[Stored data entries]

lemma rat_multiple_rGamma_shift:
  assumes "poly2_fun L" "\<And>n k. L n k \<notin> \<int>\<^sub>\<le>\<^sub>0"
  shows "rat_multiple (\<lambda>n k. rGamma (L n k + of_int m)) (\<lambda>n k. rGamma (L n k))"
proof (cases "0 \<le> m")
  case True
  then obtain N where m: "m = int N" by (metis nonneg_eq_int)
  show ?thesis
  proof (rule rat_multipleI[of "\<lambda>n k. pochhammer (L n k) N" "\<lambda>n k. 1"])
    fix n k
    show "pochhammer (L n k) N \<noteq> 0"
      using assms(2)[of n k] by (auto simp: pochhammer_eq_0_iff)
    show "pochhammer (L n k) N * rGamma (L n k + of_int m) = 1 * rGamma (L n k)"
      using pochhammer_rGamma[of "L n k" N] m by simp
  qed (use assms(1) in \<open>auto intro: poly2_fun_const poly2_fun_pochhammer\<close>)
next
  case False
  define N where "N = nat (- m)"
  have m_eq: "L n k + of_int m + of_nat N = L n k" for n k
    using False by (simp add: N_def)
  show ?thesis
  proof (rule rat_multipleI[of "\<lambda>n k. 1" "\<lambda>n k. pochhammer (L n k + of_int m) N"])
    fix n k
    show "1 * rGamma (L n k + of_int m) = pochhammer (L n k + of_int m) N * rGamma (L n k)"
      using pochhammer_rGamma[of "L n k + of_int m" N] m_eq[of n k] by simp
  qed (auto intro: poly2_fun_const
        poly2_fun_pochhammer[OF poly2_fun_add[OF assms(1) poly2_fun_const]])
qed

lemma rat_multiple_neg1_pow_shift:
  "rat_multiple (\<lambda>n k. neg1_pow (L n k + of_int m)) (\<lambda>n k. neg1_pow (L n k))"
  by (rule rat_multipleI[of "\<lambda>n k. 1" "\<lambda>n k. exp (complex_of_real pi * \<i> * of_int m)"])
     (auto intro: poly2_fun_const simp: neg1_pow_add)

lemma poly2_relation_if_rat_multiples:
  assumes "rat_multiple G S" "rat_multiple G' S" "G n0 k0 \<noteq> 0"
  shows "\<exists>V U. U \<noteq> 0 \<and>
    (\<forall>n k. poly2 U (of_int n) (of_int k) * G' n k = poly2 V (of_int n) (of_int k) * G n k)"
proof -
  obtain u v where uv: "poly2_fun u" "poly2_fun v" "\<forall>n k. u n k \<noteq> 0"
    "\<forall>n k. u n k * G n k = v n k * S n k"
    using assms(1) by (rule rat_multipleE)
  obtain u' v' where uv': "poly2_fun u'" "poly2_fun v'" "\<forall>n k. u' n k \<noteq> 0"
    "\<forall>n k. u' n k * G' n k = v' n k * S n k"
    using assms(2) by (rule rat_multipleE)
  obtain U where U: "\<forall>n k. u' n k * v n k = poly2 U (of_int n) (of_int k)"
    using poly2_fun_imp_poly2[OF poly2_fun_mult[OF uv'(1) uv(2)]] by blast
  obtain V where V: "\<forall>n k. v' n k * u n k = poly2 V (of_int n) (of_int k)"
    using poly2_fun_imp_poly2[OF poly2_fun_mult[OF uv'(2) uv(1)]] by blast
  have "v n0 k0 \<noteq> 0"
    using uv(3,4) assms(3) by (metis mult_eq_0_iff)
  then have "poly2 U (of_int n0) (of_int k0) \<noteq> 0"
    using U uv'(3) by (metis mult_eq_0_iff)
  then have "U \<noteq> 0"
    by (auto simp: poly2_eq_poly_poly)
  moreover have
    "poly2 U (of_int n) (of_int k) * G' n k = poly2 V (of_int n) (of_int k) * G n k" for n k
  proof -
    have "poly2 U (of_int n) (of_int k) * G' n k = v n k * (u' n k * G' n k)"
      by (simp flip: U add: mult_ac)
    also have "\<dots> = v n k * (v' n k * S n k)"
      using uv'(4) by simp
    also have "\<dots> = v' n k * (u n k * G n k)"
      using uv(4) by (simp add: mult_ac)
    also have "\<dots> = poly2 V (of_int n) (of_int k) * G n k"
      by (simp flip: V add: mult_ac)
    finally show ?thesis .
  qed
  ultimately show ?thesis by blast
qed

| Task directions |
All of the lines above must be returned exactly.

| Response to the exercise |
lemma rat_multiple_rGamma_shift:
  assumes "poly2_fun L" "\<And>n k. L n k \<notin> \<int>\<^sub>\<le>\<^sub>0"
  shows "rat_multiple (\<lambda>n k. rGamma (L n k + of_int m)) (\<lambda>n k. rGamma (L n k))"
proof (cases "0 \<le> m")
  case True
  then obtain N where m: "m = int N" by (metis nonneg_eq_int)
  show ?thesis
  proof (rule rat_multipleI[of "\<lambda>n k. pochhammer (L n k) N" "\<lambda>n k. 1"])
    fix n k
    show "pochhammer (L n k) N \<noteq> 0"
      using assms(2)[of n k] by (auto simp: pochhammer_eq_0_iff)
    show "pochhammer (L n k) N * rGamma (L n k + of_int m) = 1 * rGamma (L n k)"
      using pochhammer_rGamma[of "L n k" N] m by simp
  qed (use assms(1) in \<open>auto intro: poly2_fun_const poly2_fun_pochhammer\<close>)
next
  case False
  define N where "N = nat (- m)"
  have m_eq: "L n k + of_int m + of_nat N = L n k" for n k
    using False by (simp add: N_def)
  show ?thesis
  proof (rule rat_multipleI[of "\<lambda>n k. 1" "\<lambda>n k. pochhammer (L n k + of_int m) N"])
    fix n k
    show "1 * rGamma (L n k + of_int m) = pochhammer (L n k + of_int m) N * rGamma (L n k)"
      using pochhammer_rGamma[of "L n k + of_int m" N] m_eq[of n k] by simp
  qed (auto intro: poly2_fun_const
        poly2_fun_pochhammer[OF poly2_fun_add[OF assms(1) poly2_fun_const]])
qed

lemma rat_multiple_neg1_pow_shift:
  "rat_multiple (\<lambda>n k. neg1_pow (L n k + of_int m)) (\<lambda>n k. neg1_pow (L n k))"
  by (rule rat_multipleI[of "\<lambda>n k. 1" "\<lambda>n k. exp (complex_of_real pi * \<i> * of_int m)"])
     (auto intro: poly2_fun_const simp: neg1_pow_add)

lemma poly2_relation_if_rat_multiples:
  assumes "rat_multiple G S" "rat_multiple G' S" "G n0 k0 \<noteq> 0"
  shows "\<exists>V U. U \<noteq> 0 \<and>
    (\<forall>n k. poly2 U (of_int n) (of_int k) * G' n k = poly2 V (of_int n) (of_int k) * G n k)"
proof -
  obtain u v where uv: "poly2_fun u" "poly2_fun v" "\<forall>n k. u n k \<noteq> 0"
    "\<forall>n k. u n k * G n k = v n k * S n k"
    using assms(1) by (rule rat_multipleE)
  obtain u' v' where uv': "poly2_fun u'" "poly2_fun v'" "\<forall>n k. u' n k \<noteq> 0"
    "\<forall>n k. u' n k * G' n k = v' n k * S n k"
    using assms(2) by (rule rat_multipleE)
  obtain U where U: "\<forall>n k. u' n k * v n k = poly2 U (of_int n) (of_int k)"
    using poly2_fun_imp_poly2[OF poly2_fun_mult[OF uv'(1) uv(2)]] by blast
  obtain V where V: "\<forall>n k. v' n k * u n k = poly2 V (of_int n) (of_int k)"
    using poly2_fun_imp_poly2[OF poly2_fun_mult[OF uv'(2) uv(1)]] by blast
  have "v n0 k0 \<noteq> 0"
    using uv(3,4) assms(3) by (metis mult_eq_0_iff)
  then have "poly2 U (of_int n0) (of_int k0) \<noteq> 0"
    using U uv'(3) by (metis mult_eq_0_iff)
  then have "U \<noteq> 0"
    by (auto simp: poly2_eq_poly_poly)
  moreover have
    "poly2 U (of_int n) (of_int k) * G' n k = poly2 V (of_int n) (of_int k) * G n k" for n k
  proof -
    have "poly2 U (of_int n) (of_int k) * G' n k = v n k * (u' n k * G' n k)"
      by (simp flip: U add: mult_ac)
    also have "\<dots> = v n k * (v' n k * S n k)"
      using uv'(4) by simp
    also have "\<dots> = v' n k * (u n k * G n k)"
      using uv(4) by (simp add: mult_ac)
    also have "\<dots> = poly2 V (of_int n) (of_int k) * G n k"
      by (simp flip: V add: mult_ac)
    finally show ?thesis .
  qed
  ultimately show ?thesis by blast
qed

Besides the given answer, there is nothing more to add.